I think this is a great example of why a big insurance marketplace heavily regulated by the government would be a public good. Since customers are at the company’s mercy when it’s time for a payout, insurance without heavy regulation probably couldn’t work.

Just an anecdote, but… I saw my dental hygienist yesterday who told me that a car she had purchased relatively recently (which sounded like it was a used car) had an issue and needed an entire new engine. She felt fortunate that she had a warranty. The entire engine is going to be replaced under the warranty. So that’s one data point…

I wonder if she had the car inspected prior to her purchase.

In theory such an INSURANCE product could exist. In practice no such product can ever exist in the regulatory environment in the US.

Therefore all products currently on the market are rubbish.

I have made money on every car service contract I’ve ever owned. They exist. Typically I get service equal to 3x what I paid for the policy.

They are rare and require a particular combo of company, car, and shop. We beat them like red-headed stepkids.

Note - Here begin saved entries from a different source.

definition compact_op ::
  "(complex \<Rightarrow> 'h::ab_group_add \<Rightarrow> 'h) \<Rightarrow> ('h \<Rightarrow> 'h \<Rightarrow> complex) \<Rightarrow> ('h \<Rightarrow> 'h) \<Rightarrow> bool" where
  "compact_op sc ip T \<longleftrightarrow> linear_on sc UNIV T \<and>
     (\<forall>X. (\<exists>K. \<forall>n::nat. hnorm ip (X n) \<le> K) \<longrightarrow>
          (\<exists>r l. strict_mono r \<and> hconv ip (\<lambda>n. T (X (r n))) l))"

definition op_spectrum ::
  "(complex \<Rightarrow> 'h::ab_group_add \<Rightarrow> 'h) \<Rightarrow> ('h \<Rightarrow> 'h \<Rightarrow> complex) \<Rightarrow> ('h \<Rightarrow> 'h) \<Rightarrow> complex set" where
  "op_spectrum sc ip T = {lam. \<not> (\<exists>S. bounded_op sc ip S \<and>
       (\<forall>x. S (T x - sc lam x) = x) \<and> (\<forall>y. T (S y) - sc lam (S y) = y))}"

text \<open>Self-adjoint operator A with domain dm (densely defined, A = A*).\<close>
definition self_adjoint_op ::
  "(complex \<Rightarrow> 'h::ab_group_add \<Rightarrow> 'h) \<Rightarrow> ('h \<Rightarrow> 'h \<Rightarrow> complex) \<Rightarrow> 'h set \<Rightarrow> ('h \<Rightarrow> 'h) \<Rightarrow> bool" where
  "self_adjoint_op sc ip dm A \<longleftrightarrow> linear_on sc dm A \<and> dense_set ip dm \<and>
     {y. \<exists>z. \<forall>x\<in>dm. ip (A x) y = ip x z} = dm \<and>
     (\<forall>x\<in>dm. \<forall>y\<in>dm. ip (A x) y = ip x (A y))"

definition has_compact_resolvent ::
  "(complex \<Rightarrow> 'h::ab_group_add \<Rightarrow> 'h) \<Rightarrow> ('h \<Rightarrow> 'h \<Rightarrow> complex) \<Rightarrow> 'h set \<Rightarrow> ('h \<Rightarrow> 'h) \<Rightarrow> bool" where
  "has_compact_resolvent sc ip dm A \<longleftrightarrow>
     (\<exists>lam R. (\<forall>y. R y \<in> dm \<and> A (R y) - sc lam (R y) = y) \<and>
            (\<forall>x\<in>dm. R (A x - sc lam x) = x) \<and> compact_op sc ip R)"

definition admissible ::
  "(complex \<Rightarrow> 'h::ab_group_add \<Rightarrow> 'h) \<Rightarrow> ('h \<Rightarrow> 'h \<Rightarrow> complex) \<Rightarrow> 'h set \<Rightarrow> ('h \<Rightarrow> 'h) \<Rightarrow> ('h \<Rightarrow> 'h) \<Rightarrow> bool" where
  "admissible sc ip domD D V \<longleftrightarrow>
     dense_set ip domD \<and> closed_operator sc ip domD D \<and>
     (\<exists>e. e \<noteq> 0 \<and> {x\<in>domD. D x = 0} = range (\<lambda>c. sc c e)) \<and>
     (\<exists>domA. domA \<subseteq> domD \<and> self_adjoint_op sc ip domA D \<and> has_compact_resolvent sc ip domA D) \<and>
     compact_op sc ip V \<and> op_spectrum sc ip V = {0} \<and>
     range V \<subseteq> domD \<and> (\<forall>x. D (V x) = x)"

definition phi_fun ::
  "(complex \<Rightarrow> 'h::ab_group_add \<Rightarrow> 'h) \<Rightarrow> ('h \<Rightarrow> 'h) \<Rightarrow> 'h \<Rightarrow> complex \<Rightarrow> 'h" where
  "phi_fun sc V phi0 lam = (THE y. y - sc lam (V y) = phi0)"

definition gen_fourier ::
  "(complex \<Rightarrow> 'h::ab_group_add \<Rightarrow> 'h) \<Rightarrow> ('h \<Rightarrow> 'h \<Rightarrow> complex) \<Rightarrow> ('h \<Rightarrow> 'h) \<Rightarrow> 'h \<Rightarrow> 'h \<Rightarrow> complex \<Rightarrow> complex" where
  "gen_fourier sc ip V phi0 x lam = ip x (phi_fun sc V phi0 (cnj lam))"

definition upper_half_plane :: "complex set" where
  "upper_half_plane = {z. 0 < Im z}"

definition hardy2 :: "(complex \<Rightarrow> complex) set" where
  "hardy2 = {F. F holomorphic_on upper_half_plane \<and>
     (\<exists>M. \<forall>y>0. (\<lambda>x::real. (cmod (F (Complex x y)))\<^sup>2) integrable_on UNIV \<and>
                 integral UNIV (\<lambda>x::real. (cmod (F (Complex x y)))\<^sup>2) \<le> M)}"

definition hermite_biehler :: "(complex \<Rightarrow> complex) \<Rightarrow> bool" where
  "hermite_biehler E \<longleftrightarrow> E holomorphic_on UNIV \<and>
     (\<forall>z. 0 < Im z \<longrightarrow> cmod (E (cnj z)) < cmod (E z))"

definition sharp :: "(complex \<Rightarrow> complex) \<Rightarrow> complex \<Rightarrow> complex" where
  "sharp f z = cnj (f (cnj z))"

definition de_branges_space :: "(complex \<Rightarrow> complex) \<Rightarrow> (complex \<Rightarrow> complex) set" where
  "de_branges_space E = {f. f holomorphic_on UNIV \<and>
     (\<lambda>z. f z / E z) \<in> hardy2 \<and> (\<lambda>z. sharp f z / E z) \<in> hardy2}"

definition de_branges_norm :: "(complex \<Rightarrow> complex) \<Rightarrow> (complex \<Rightarrow> complex) \<Rightarrow> real" where
  "de_branges_norm E f = sqrt (integral UNIV (\<lambda>x::real. (cmod (f (of_real x) / E (of_real x)))\<^sup>2))"

definition regular_HB :: "(complex \<Rightarrow> complex) \<Rightarrow> bool" where
  "regular_HB E \<longleftrightarrow> (\<lambda>z. 1 / ((z + \<i>) * E z)) \<in> hardy2"

definition exp_type :: "(complex \<Rightarrow> complex) \<Rightarrow> ereal" where
  "exp_type f = Limsup at_infinity
     (\<lambda>z. if f z = 0 then -\<infinity> else ereal (ln (cmod (f z)) / cmod z))"

fun dom_pow :: "'h set \<Rightarrow> ('h \<Rightarrow> 'h) \<Rightarrow> nat \<Rightarrow> 'h set" where
  "dom_pow domD D 0 = UNIV"
| "dom_pow domD D (Suc n) = {x \<in> dom_pow domD D n. (D ^^ n) x \<in> domD}"

definition C_inf :: "'h set \<Rightarrow> ('h \<Rightarrow> 'h) \<Rightarrow> 'h set" where
  "C_inf domD D = (\<Inter>n\<in>{1..}. dom_pow domD D n)"

definition C_inf_dist :: "('h \<Rightarrow> 'h \<Rightarrow> complex) \<Rightarrow> ('h \<Rightarrow> 'h) \<Rightarrow> 'h \<Rightarrow> 'h::ab_group_add \<Rightarrow> real" where
  "C_inf_dist ip D x y = (\<Sum>j. (1 / 2 ^ j) *
      (hnorm ip ((D ^^ j) x - (D ^^ j) y) / (1 + hnorm ip ((D ^^ j) x - (D ^^ j) y))))"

A fully regulated honest service contract and car repair world would be superior for society. More honest benefits and fewer rip-offs in both directions.

We’re not there today & show no sign of going there. If you have the set-up & connections to beat them bloody do so. If not, run away! Run away!

It’s not mathematically possible for that to be typical of everyone who has the policy, is it?

Of course not. It’s a game of mutual rip-offery. Where they goof, swoop in and score.

'Tain’t right; tis so. Lotta US commerce is like that.